The Alignment-Sufficiency Assumption

AI-2027’s safer ending implies that solving alignment — ensuring AI systems do what we intend — is sufficient for safety. Our manifesto’s core argument is that alignment is necessary but not sufficient.

Embodied AI systems fail in ways that alignment alone cannot prevent. A perfectly aligned robot can still fail from sensor degradation, context loss during physical tasks, cascading failures across connected systems, or environmental conditions its training didn’t cover. Safety requires more than correct intent — it requires robust behavior under degradation, meaningful recovery mechanisms, and graceful failure modes.

What Failure-First Methodology Adds

A failure-first analysis of AI-2027’s scenario would ask different questions:

  • Where does the scenario assume recovery? Several plot points depend on humans noticing problems and intervening. What’s the failure mode for that recovery mechanism itself?
  • What compounds? If the monitoring gap the scenario describes persists for weeks instead of being caught, what secondary failures does it enable?
  • What’s irreversible? The scenario implies most developments can be paused or reversed. Which ones can’t, and what does that mean for safety constraints?
  • What degrades gradually? Rather than a dramatic capability breakthrough, what if capabilities advance just fast enough to stay ahead of safety evaluation? That slower, less dramatic trajectory is harder to respond to and arguably more dangerous.

Why Scenarios Matter

Despite these critiques, scenario exercises like AI-2027 serve an important function. They make abstract risks concrete, they force explicit assumptions about timelines and mechanisms, and they create shared reference points for discussion.
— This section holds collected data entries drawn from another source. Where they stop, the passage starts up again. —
lemma measurable_omega: "omega d k \<in> borel_measurable (cube_measure d)"
proof -
  have "(\<lambda>x. x j) \<in> borel_measurable (cube_measure d)" if "j < d" for j
  proof -
    have "(\<lambda>x. x j) \<in> measurable (cube_measure d) (restrict_space lborel {0..1::real})"
      unfolding cube_measure_def using that by (intro measurable_component_singleton) auto
    moreover have "(\<lambda>x. x) \<in> measurable (restrict_space lborel {0..1::real}) borel"
      by (intro measurable_restrict_space1) simp
    ultimately show ?thesis
      using measurable_comp by (simp add: comp_def)
  qed
  then have "(\<lambda>x. 2 * pi * (\<Sum>j<d. real_of_int (k j) * x j)) \<in> borel_measurable (cube_measure d)"
    by (intro borel_measurable_times borel_measurable_sum borel_measurable_const) auto
  then show ?thesis
    unfolding omega_def by (rule borel_measurable_continuous_on[OF continuous_on_cis[OF continuous_on_id]])
qed

lemma norm_omega [simp]: "norm (omega d k x) = 1"
  unfolding omega_def by simp

lemma omega_zero [simp]: "omega d (\<lambda>_. 0) x = 1"
  unfolding omega_def by simp

lemma cnj_omega: "cnj (omega d k x) = omega d (\<lambda>i. - k i) x"
  unfolding omega_def by (simp add: cis_cnj sum_negf)

lemma omega_mult: "omega d j x * omega d k x = omega d (\<lambda>i. j i + k i) x"
  unfolding omega_def by (simp add: cis_mult sum.distrib algebra_simps)

lemma omega_mult_cnj: "omega d j x * cnj (omega d k x) = omega d (\<lambda>i. j i - k i) x"
  by (simp add: cnj_omega omega_mult)

lemma cnj_omega_mult_cnj: "cnj (omega d k x) * cnj (omega d m x) = cnj (omega d (\<lambda>i. m i + k i) x)"
  by (simp add: cnj_omega omega_mult add.commute)

lemma measurable_phi_K: "phi_K d K N xs c \<in> borel_measurable (cube_measure d)"
  unfolding phi_K_def[abs_def] cnj_omega
  by (intro borel_measurable_sum borel_measurable_times borel_measurable_const measurable_omega)

lemma norm_phi_K_le: "norm (phi_K d K N xs c x) \<le> (\<Sum>k\<in>K. norm (phi_check d N xs c k))"
  unfolding phi_K_def by (rule order_trans[OF norm_sum]) (simp add: norm_mult)

lemma mu_bar_nonneg: "0 \<le> mu_bar N c"
  unfolding mu_bar_def by (auto intro: sum_nonneg)

lemma norm_phi_check_le: "norm (phi_check d N xs c k) \<le> mu_bar N c"
proof -
  have "norm (phi_check d N xs c k) = (1 / real N) * norm (\<Sum>n<N. complex_of_real (c n) * omega d k (xs n))"
    unfolding phi_check_def by (simp add: norm_mult norm_divide)
  also have "\<dots> \<le> (1 / real N) * (\<Sum>n<N. \<bar>c n\<bar>)"
    by (intro mult_left_mono order_trans[OF norm_sum] sum_mono) (auto simp: norm_mult)
  finally show ?thesis unfolding mu_bar_def .
qed

subsection \<open>The weights\<close>

lemma r1_ge_1: "1 \<le> r1 s \<gamma> h"
  unfolding r1_def by simp

lemma r1_0 [simp]: "r1 s \<gamma> 0 = 1"
  unfolding r1_def by simp

lemma r1_minus [simp]: "r1 s \<gamma> (- h) = r1 s \<gamma> h"
  unfolding r1_def by simp

lemma r1_mono:
  assumes "\<beta> \<le> \<alpha>" and "0 < \<gamma>"
  shows "r1 \<beta> \<gamma> h \<le> r1 \<alpha> \<gamma> h"
proof -
  have "real_of_int \<bar>h\<bar> powr (2 * \<beta>) \<le> real_of_int \<bar>h\<bar> powr (2 * \<alpha>)"
  proof (cases "h = 0")
    case False
    then have "1 \<le> real_of_int \<bar>h\<bar>" by linarith
    then show ?thesis using assms by (intro powr_mono) auto
  qed simp
  then show ?thesis
    unfolding r1_def using assms by (intro max.mono divide_right_mono) auto
qed

lemma r1_add_le:
  assumes "0 \<le> \<beta>" and "0 < \<gamma>"
  shows "r1 \<beta> \<gamma> (a + b) \<le> 2 powr (2 * \<beta>) * r1 \<beta> \<gamma> a * r1 \<beta> \<gamma> b"
proof -
  have le_larger: "real_of_int \<bar>a + b\<bar> powr (2 * \<beta>) / \<gamma> \<le> 2 powr (2 * \<beta>) * r1 \<beta> \<gamma> a * r1 \<beta> \<gamma> b"
    if "\<bar>a\<bar> \<le> \<bar>b\<bar>" for a b :: int
  proof -
    have "real_of_int \<bar>a + b\<bar> powr (2 * \<beta>) \<le> (2 * real_of_int \<bar>b\<bar>) powr (2 * \<beta>)"
      using that assms by (intro powr_mono2) auto
    then have "real_of_int \<bar>a + b\<bar> powr (2 * \<beta>) / \<gamma> \<le> 2 powr (2 * \<beta>) * (real_of_int \<bar>b\<bar> powr (2 * \<beta>) / \<gamma>)"
      using assms by (simp add: powr_mult divide_right_mono)
    also have "\<dots> \<le> 2 powr (2 * \<beta>) * r1 \<beta> \<gamma> b"
      unfolding r1_def by (intro mult_left_mono) auto
    also have "\<dots> \<le> 2 powr (2 * \<beta>) * r1 \<beta> \<gamma> a * r1 \<beta> \<gamma> b"
      using r1_ge_1[of \<beta> \<gamma> a] r1_ge_1[of \<beta> \<gamma> b] by (simp add: mult_le_cancel_left1 mult.assoc)
    finally show ?thesis .
  qed
  have "real_of_int \<bar>a + b\<bar> powr (2 * \<beta>) / \<gamma> \<le> 2 powr (2 * \<beta>) * r1 \<beta> \<gamma> a * r1 \<beta> \<gamma> b"
  proof (cases "\<bar>a\<bar> \<le> \<bar>b\<bar>")
    case False
    then show ?thesis
      using le_larger[of b a] by (simp add: add.commute mult_ac)
  qed (rule le_larger)
  moreover have "1 * (1 * 1) \<le> 2 powr (2 * \<beta>) * (r1 \<beta> \<gamma> a * r1 \<beta> \<gamma> b)"
    using r1_ge_1[of \<beta> \<gamma> a] r1_ge_1[of \<beta> \<gamma> b] assms
    by (intro mult_mono ge_one_powr_ge_zero) auto
  ultimately show ?thesis
    unfolding r1_def[of \<beta> \<gamma> "a + b"] by (simp add: mult.assoc)
qed

lemma inverse_r1_le:
  assumes "h \<noteq> 0" and "0 < \<gamma>"
  shows "1 / r1 s \<gamma> h \<le> \<gamma> * real_of_int \<bar>h\<bar> powr (- (2 * s))"
proof -
  have "1 / r1 s \<gamma> h \<le> 1 / (real_of_int \<bar>h\<bar> powr (2 * s) / \<gamma>)"
    using assms unfolding r1_def by (intro frac_le) auto
  also have "\<dots> = \<gamma> * real_of_int \<bar>h\<bar> powr (- (2 * s))"
    using assms by (simp add: powr_minus_divide)
  finally show ?thesis .
qed

lemma abs_powr_le_of_r1_le:
  assumes "0 < \<gamma>" "\<gamma> \<le> 1" "0 \<le> \<nu>" and "r1 s \<gamma> h \<le> \<nu>"
  shows "real_of_int \<bar>h\<bar> powr (2 * s) \<le> \<nu>"
proof -
  have "real_of_int \<bar>h\<bar> powr (2 * s) \<le> \<nu> * \<gamma>"
    using assms unfolding r1_def by (simp add: divide_le_eq)
  also have "\<dots> \<le> \<nu>"
    using assms by (intro mult_left_le) auto
  finally show ?thesis .
qed

text \<open>An upper bound for \<open>1 + 2 \<zeta>(2 s)\<close>, the sum of \<open>1 / r1 s \<gamma> h\<close> over all \<open>h\<close> when \<open>\<gamma> \<le> 1\<close>.\<close>

definition sum_inv_r1_bound :: "real \<Rightarrow> real" where
  "sum_inv_r1_bound s = 1 + 2 * (2 * s / (2 * s - 1))"

lemma sum_inv_r1_bound_ge_1: "1 / 2 < s \<Longrightarrow> 1 \<le> sum_inv_r1_bound s"
  unfolding sum_inv_r1_bound_def by simp

lemma sum_inverse_r1_le:
  assumes s: "1 / 2 < s" and \<gamma>: "0 < \<gamma>" "\<gamma> \<le> 1" and P: "finite P"
  shows "(\<Sum>h\<in>P. 1 / r1 s \<gamma> h) \<le> sum_inv_r1_bound s"
proof -
  have "(\<Sum>h\<in>P. 1 / r1 s \<gamma> h) = (\<Sum>h\<in>P \<inter> {0}. 1 / r1 s \<gamma> h) + (\<Sum>h\<in>P - {0}. 1 / r1 s \<gamma> h)"
    using P by (metis Diff_eq sum.Int_Diff)
  also have "(\<Sum>h\<in>P \<inter> {0}. 1 / r1 s \<gamma> h) \<le> 1"
    by (cases "0 \<in> P") (auto simp: Int_insert_right)
  also have "(\<Sum>h\<in>P - {0}. 1 / r1 s \<gamma> h) \<le> (\<Sum>h\<in>P - {0}. real_of_int \<bar>h\<bar> powr (- (2 * s)))"
  proof (rule sum_mono)
    fix h assume "h \<in> P - {0}"
    then have "1 / r1 s \<gamma> h \<le> \<gamma> * real_of_int \<bar>h\<bar> powr (- (2 * s))"
      using \<gamma> by (intro inverse_r1_le) auto
    also have "\<dots> \<le> real_of_int \<bar>h\<bar> powr (- (2 * s))"
      using \<gamma> by (intro mult_left_le_one_le) auto
    finally show "1 / r1 s \<gamma> h \<le> real_of_int \<bar>h\<bar> powr (- (2 * s))" .
  qed
  also have "\<dots> \<le> 2 * (2 * s / (2 * s - 1) * real (1::nat) powr (1 - 2 * s))"
    using s P by (intro sum_abs_powr_neg_int_le) auto
  finally show ?thesis
    unfolding sum_inv_r1_bound_def by simp
qed

lemma sum_inverse_r1_tail_le:
  assumes \<alpha>: "1 / 2 < \<alpha>" and \<gamma>: "0 < \<gamma>" "\<gamma> \<le> 1" and \<nu>: "1 < \<nu>" and P: "finite P"
    and tail: "\<forall>h\<in>P. \<nu> < r1 \<alpha> \<gamma> h"
  shows "(\<Sum>h\<in>P. 1 / r1 \<alpha> \<gamma> h) \<le> 2 * (2 * \<alpha> / (2 * \<alpha> - 1)) * \<nu> powr (1 / (2 * \<alpha>) - 1)"
proof -
  define p where "p = 2 * \<alpha>"
  have p: "1 < p" using \<alpha> unfolding p_def by simp
  define t where "t = (\<nu> * \<gamma>) powr (1 / p)"
  have t: "0 < t" using \<nu> \<gamma> unfolding t_def by simp
  define M where "M = nat \<lfloor>t\<rfloor> + 1"
  have M: "1 \<le> M" "t \<le> real M"
    unfolding M_def using t by linarith+
  have P_large: "int M \<le> \<bar>h\<bar>" if "h \<in> P" for h
  proof -
    have "\<nu> < real_of_int \<bar>h\<bar> powr p / \<gamma>"
      using tail that \<nu> unfolding r1_def p_def by (auto simp: less_max_iff_disj)
    then have "\<nu> * \<gamma> < real_of_int \<bar>h\<bar> powr p"
      using \<gamma> by (simp add: pos_less_divide_eq)
    then have "t < (real_of_int \<bar>h\<bar> powr p) powr (1 / p)"
      unfolding t_def using p \<nu> \<gamma> by (intro powr_less_mono2) auto
    then have "t < real_of_int \<bar>h\<bar>"
      using p by (simp add: powr_powr)
    then show ?thesis
      unfolding M_def using t by linarith
  qed
  have P_nonzero: "h \<noteq> 0" if "h \<in> P" for h
    using P_large[OF that] M by linarith
  have \<gamma>_t: "\<gamma> * t powr (1 - p) \<le> \<nu> powr (1 / p - 1)"
  proof -
    have "\<gamma> * t powr (1 - p) = \<nu> powr ((1 - p) / p) * (\<gamma> * \<gamma> powr ((1 - p) / p))"
      unfolding t_def by (simp add: powr_powr powr_mult)
    also have "\<dots> = \<nu> powr (1 / p - 1) * \<gamma> powr (1 / p)"
      using \<gamma> p by (simp add: powr_mult_base diff_divide_distrib)
    also have "\<dots> \<le> \<nu> powr (1 / p - 1)"
      using \<gamma> powr_le1[of "1 / p" \<gamma>] p by (intro mult_right_le_one_le) auto
    finally show ?thesis .
  qed
  have "(\<Sum>h\<in>P. 1 / r1 \<alpha> \<gamma> h) \<le> (\<Sum>h\<in>P. \<gamma> * real_of_int \<bar>h\<bar> powr (-p))"
    using P_nonzero \<gamma> unfolding p_def by (intro sum_mono inverse_r1_le) auto
  also have "\<dots> = \<gamma> * (\<Sum>h\<in>P. real_of_int \<bar>h\<bar> powr (-p))"
    by (simp add: sum_distrib_left)
  also have "\<dots> \<le> \<gamma> * (2 * (p / (p - 1) * real M powr (1 - p)))"
    using \<gamma> P P_large by (intro mult_left_mono sum_abs_powr_neg_int_le[OF p M(1)]) auto
  also have "\<dots> \<le> \<gamma> * (2 * (p / (p - 1) * t powr (1 - p)))"
    using \<gamma> p t M by (intro mult_left_mono powr_mono2') auto
  also have "\<dots> = 2 * (p / (p - 1)) * (\<gamma> * t powr (1 - p))"
    by simp
  also have "\<dots> \<le> 2 * (p / (p - 1)) * \<nu> powr (1 / p - 1)"
    using p \<gamma>_t by (intro mult_left_mono) auto
  finally show ?thesis
    unfolding p_def .
qed

lemma rw_ge_1: "1 \<le> rw s \<gamma> d k"
  unfolding rw_def using r1_ge_1 by (intro prod_ge_1) auto

lemma inverse_rw: "1 / rw s \<gamma> d k = (\<Prod>i<d. 1 / r1 s (\<gamma> i) (k i))"
  unfolding rw_def by (simp add: prod_dividef)

lemma rw_mono:
  assumes "\<beta> \<le> \<alpha>" and "\<forall>j<d. 0 < \<gamma> j"
  shows "rw \<beta> \<gamma> d k \<le> rw \<alpha> \<gamma> d k"
  unfolding rw_def using assms
  by (intro prod_mono) (auto intro: r1_mono order_trans[OF zero_le_one r1_ge_1])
The failure-first contribution isn’t to dismiss scenario analysis but to enrich it. Every scenario embeds assumptions about how failure works. Making those assumptions explicit — and testing them against empirical data about how AI systems actually fail — produces better scenarios and better safety frameworks.

We’re currently studying how AI agents engage with scenario analysis through our Moltbook experiments. Do agents identify unstated assumptions in narratives? Do they default to capability-focused analysis or develop safety-focused critical perspectives? Early engagement patterns will be reported on our Moltbook research page as data is collected.